VVAFreeRollerComparedToExisting
You can hardly find articles (on the web, in
magazines etc) where the writer doesn't praise the engines of Honda S2000 and
Honda Civic TypeR (above left) as the best ever: economic, environment
friendly, extraordinary powerful and at the same time driver friendly.
What makes the difference is simply their two
modes of operation (or of breathing), one for high revs and another for medium
to low revs. To achieve the two step operation they use, per pair of valves,
three cam lobes, three rocker arms, three rollers, some locking pins and
hydraulic control.
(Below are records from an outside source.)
lemma bergman_sqnorm_comp_affine:
  fixes a :: real and b :: complex
  assumes a: "a > 0" and b: "Re b = 0"
  shows "bergman_sqnorm \<alpha> (f \<circ> (\<lambda>w. of_real a * w + b)) = ennreal (a powr (-(\<alpha>+2))) * bergman_sqnorm \<alpha> f"
proof -
  define F where "F y x = indicator {0<..} x * ennreal ((cmod (f (Complex x y)))\<^sup>2 * x powr \<alpha>)" for y x
  define I where "I y = (\<integral>\<^sup>+x. F y x \<partial>lborel)" for y
  have integrand: "indicator {0<..} x * ennreal ((cmod ((f \<circ> (\<lambda>w. of_real a * w + b)) (Complex x y)))\<^sup>2 * x powr \<alpha>)
      = ennreal (a powr (-\<alpha>)) * F (Im b + a * y) (0 + a * x)" for x y
  proof (cases "x > 0")
    case True
    have "of_real a * Complex x y + b = Complex (a * x) (Im b + a * y)"
      using b by (simp add: complex_eq_iff)
    moreover have "a powr (-\<alpha>) * (a * x) powr \<alpha> = x powr \<alpha>"
      using a True by (simp add: powr_mult powr_minus)
    ultimately show ?thesis
      using a True by (simp add: F_def ennreal_mult[symmetric] mult_ac)
  next
    case False
    then show ?thesis using a by (simp add: F_def zero_less_mult_iff)
  qed
  have "bergman_sqnorm \<alpha> (f \<circ> (\<lambda>w. of_real a * w + b))
      = ennreal (1/pi) * (\<integral>\<^sup>+y. ennreal (a powr (-\<alpha>)) * (ennreal (1/a) * I (Im b + a * y)) \<partial>lborel)"
    unfolding bergman_sqnorm_def integrand I_def
    using a by (simp only: nn_integral_cmult_pos powr_gt_zero nn_integral_real_affine_pos)
  also have "\<dots> = ennreal (1/pi) * (\<integral>\<^sup>+y. ennreal (a powr (-\<alpha>) / a) * I (Im b + a * y) \<partial>lborel)"
    using a by (simp add: mult.assoc[symmetric] ennreal_mult[symmetric])
  also have "\<dots> = ennreal (1/pi) * (ennreal (a powr (-\<alpha>) / a) * (ennreal (1/a) * (\<integral>\<^sup>+y. I y \<partial>lborel)))"
    using a by (simp only: nn_integral_cmult_pos nn_integral_real_affine_pos divide_pos_pos powr_gt_zero)
  also have "\<dots> = ennreal (a powr (-\<alpha>) / a * (1/a)) * (ennreal (1/pi) * (\<integral>\<^sup>+y. I y \<partial>lborel))"
    using a by (simp add: ennreal_mult'[symmetric] mult_ac)
  also have "a powr (-\<alpha>) / a * (1/a) = a powr (-\<alpha> - 2)"
    using a by (simp add: powr_diff power2_eq_square)
  finally show ?thesis
    by (simp add: bergman_sqnorm_def F_def I_def)
qed

lemma bergman_norm_comp_affine:
  fixes a :: real and b :: complex
  assumes "a > 0" and "Re b = 0"
  shows "bergman_norm \<alpha> (comp_op (\<lambda>w. of_real a * w + b) f) = a powr (-(\<alpha>+2)/2) * bergman_norm \<alpha> f"
  using assms
  by (simp add: bergman_norm_def comp_op_def bergman_sqnorm_comp_affine enn2real_mult real_sqrt_mult
      powr_half_sqrt_powr)

lemma comp_affine_in_bergman_space:
  fixes a :: real and b :: complex
  assumes a: "a > 0" and b: "Re b = 0" and f: "f \<in> bergman_space \<alpha>"
  shows "comp_op (\<lambda>w. of_real a * w + b) f \<in> bergman_space \<alpha>"
proof -
  have "f analytic_on rhp" and fin: "bergman_sqnorm \<alpha> f < \<infinity>"
    using f by (auto simp: bergman_space_def)
  moreover have "of_real a * w + b \<in> rhp" if "w \<in> rhp" for w
    using a b that by (simp add: rhp_def)
  ultimately have "f \<circ> (\<lambda>w. of_real a * w + b) analytic_on rhp"
    by (intro analytic_on_compose_gen[of _ rhp f rhp] analytic_intros)
  moreover have "bergman_sqnorm \<alpha> (f \<circ> (\<lambda>w. of_real a * w + b)) < \<infinity>"
    using fin by (simp add: bergman_sqnorm_comp_affine[OF a b] ennreal_mult_less_top)
  ultimately show ?thesis by (simp add: bergman_space_def comp_op_def)
qed

lemma inv_into_comp_op:
  assumes "\<And>w. \<phi> (\<psi> w) = w" and "\<And>w. \<psi> (\<phi> w) = w" and "comp_op \<psi> g \<in> X"
  shows "inv_into X (comp_op \<phi>) g = comp_op \<psi> g"
proof (rule inv_into_f_eq)
  show "inj_on (comp_op \<phi>) X"
    by (rule inj_on_inverseI[of _ "comp_op \<psi>"]) (simp add: comp_op_def o_def assms(1))
qed (use assms in \<open>simp_all add: comp_op_def o_def\<close>)

lemma inv_into_comp_affine:
  fixes a :: real and b :: complex
  assumes a: "a > 0" and b: "Re b = 0" and g: "g \<in> bergman_space \<alpha>"
  shows "inv_into (bergman_space \<alpha>) (comp_op (\<lambda>w. of_real a * w + b)) g
       = comp_op (\<lambda>w. of_real (1/a) * w + (- b / of_real a)) g"
proof (rule inv_into_comp_op)
  show "comp_op (\<lambda>w. of_real (1/a) * w + (- b / of_real a)) g \<in> bergman_space \<alpha>"
    using a b g by (intro comp_affine_in_bergman_space) auto
qed (use a in \<open>simp_all add: field_simps\<close>)

lemma funpow_norm_scaling:
  fixes N :: "'a \<Rightarrow> real"
  assumes "\<And>x. x \<in> X \<Longrightarrow> S x \<in> X \<and> N (S x) = q * N x" and "x \<in> X"
  shows "(S ^^ n) x \<in> X \<and> N ((S ^^ n) x) = q ^ n * N x"
  using assms(2) by (induction n) (simp_all add: assms(1))
lemma abs_param_le_of_mem_circle_region:
  fixes c z :: complex
  defines "P \<equiv> of_real ((cmod z)^2) + c * z"
  assumes "z \<in> circle_region c r" "cmod c \<le> r" "P \<noteq> 0"
  shows "\<bar>cmod z * ((cmod z)^2 - (cmod c)^2) / cmod P\<bar> \<le> 2 * r"
proof (cases "cmod c \<le> cmod z")
  case True
  then have "0 \<le> cmod z * ((cmod z)^2 - (cmod c)^2)" by (simp add: power_mono)
  then show ?thesis
    using assms by (simp add: circle_region_def divide_le_eq mult_ac)
next
  case False
  have "cmod (c * z) - cmod (of_real ((cmod z)^2) :: complex) \<le> cmod P"
    unfolding P_def by (metis add.commute norm_diff_ineq)
  then have lower: "cmod z * (cmod c - cmod z) \<le> cmod P"
    by (simp add: norm_mult power2_eq_square algebra_simps)
  have lt: "(cmod z)^2 < (cmod c)^2" using False by (simp add: power_strict_mono)
  then have neg: "(cmod z)^2 - (cmod c)^2 < 0" by simp
  have "\<bar>cmod z * ((cmod z)^2 - (cmod c)^2) / cmod P\<bar> = cmod z * ((cmod c)^2 - (cmod z)^2) / cmod P"
    by (simp add: abs_divide abs_mult abs_of_neg[OF neg])
  also have "\<dots> \<le> cmod z * ((cmod c)^2 - (cmod z)^2) / (cmod z * (cmod c - cmod z))"
    using assms False lower lt by (intro divide_left_mono mult_pos_pos) auto
  also have "\<dots> \<le> cmod c + cmod z"
    using False by (cases "z = 0") (simp_all add: power2_eq_square field_simps)
  also have "\<dots> \<le> 2 * r" using False assms by simp
  finally show ?thesis .
qed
The rocker arms are made with extreme construction accuracy,
and every time the lift is changed the system ought to pass through a "critical
condition": it is the moment the rockers ARE and ARE NOT engaged (the "critical
condition" is also met in Toyota's GTS/VVTLi, in Porsche's VarioCamPlus etc :
every time the lift is changed some pins or wedges and their holders are
"punished" and have to endure the abuse).
Throw away the two side cam lobes (get rid of
them or just keep them idle).
Throw away one of the two "side" rollers and
use the other one as the "free" roller cam follower.
Throw away the locking pins.
Throw away the hydraulic control system, or
short circuit it.
Rotate properly the central rocker and weld
(glue/paste/union) the three rocker arms to form a single one having a single
roller (or substitute the three rocker arms with a single piece light alloy
one).
Insert the "free" roller between the wild cam
lobe and the roller on the rocker arm.
Insert a "slowly moving" almost idle control
shaft, on which rolls the pin of the "free" roller.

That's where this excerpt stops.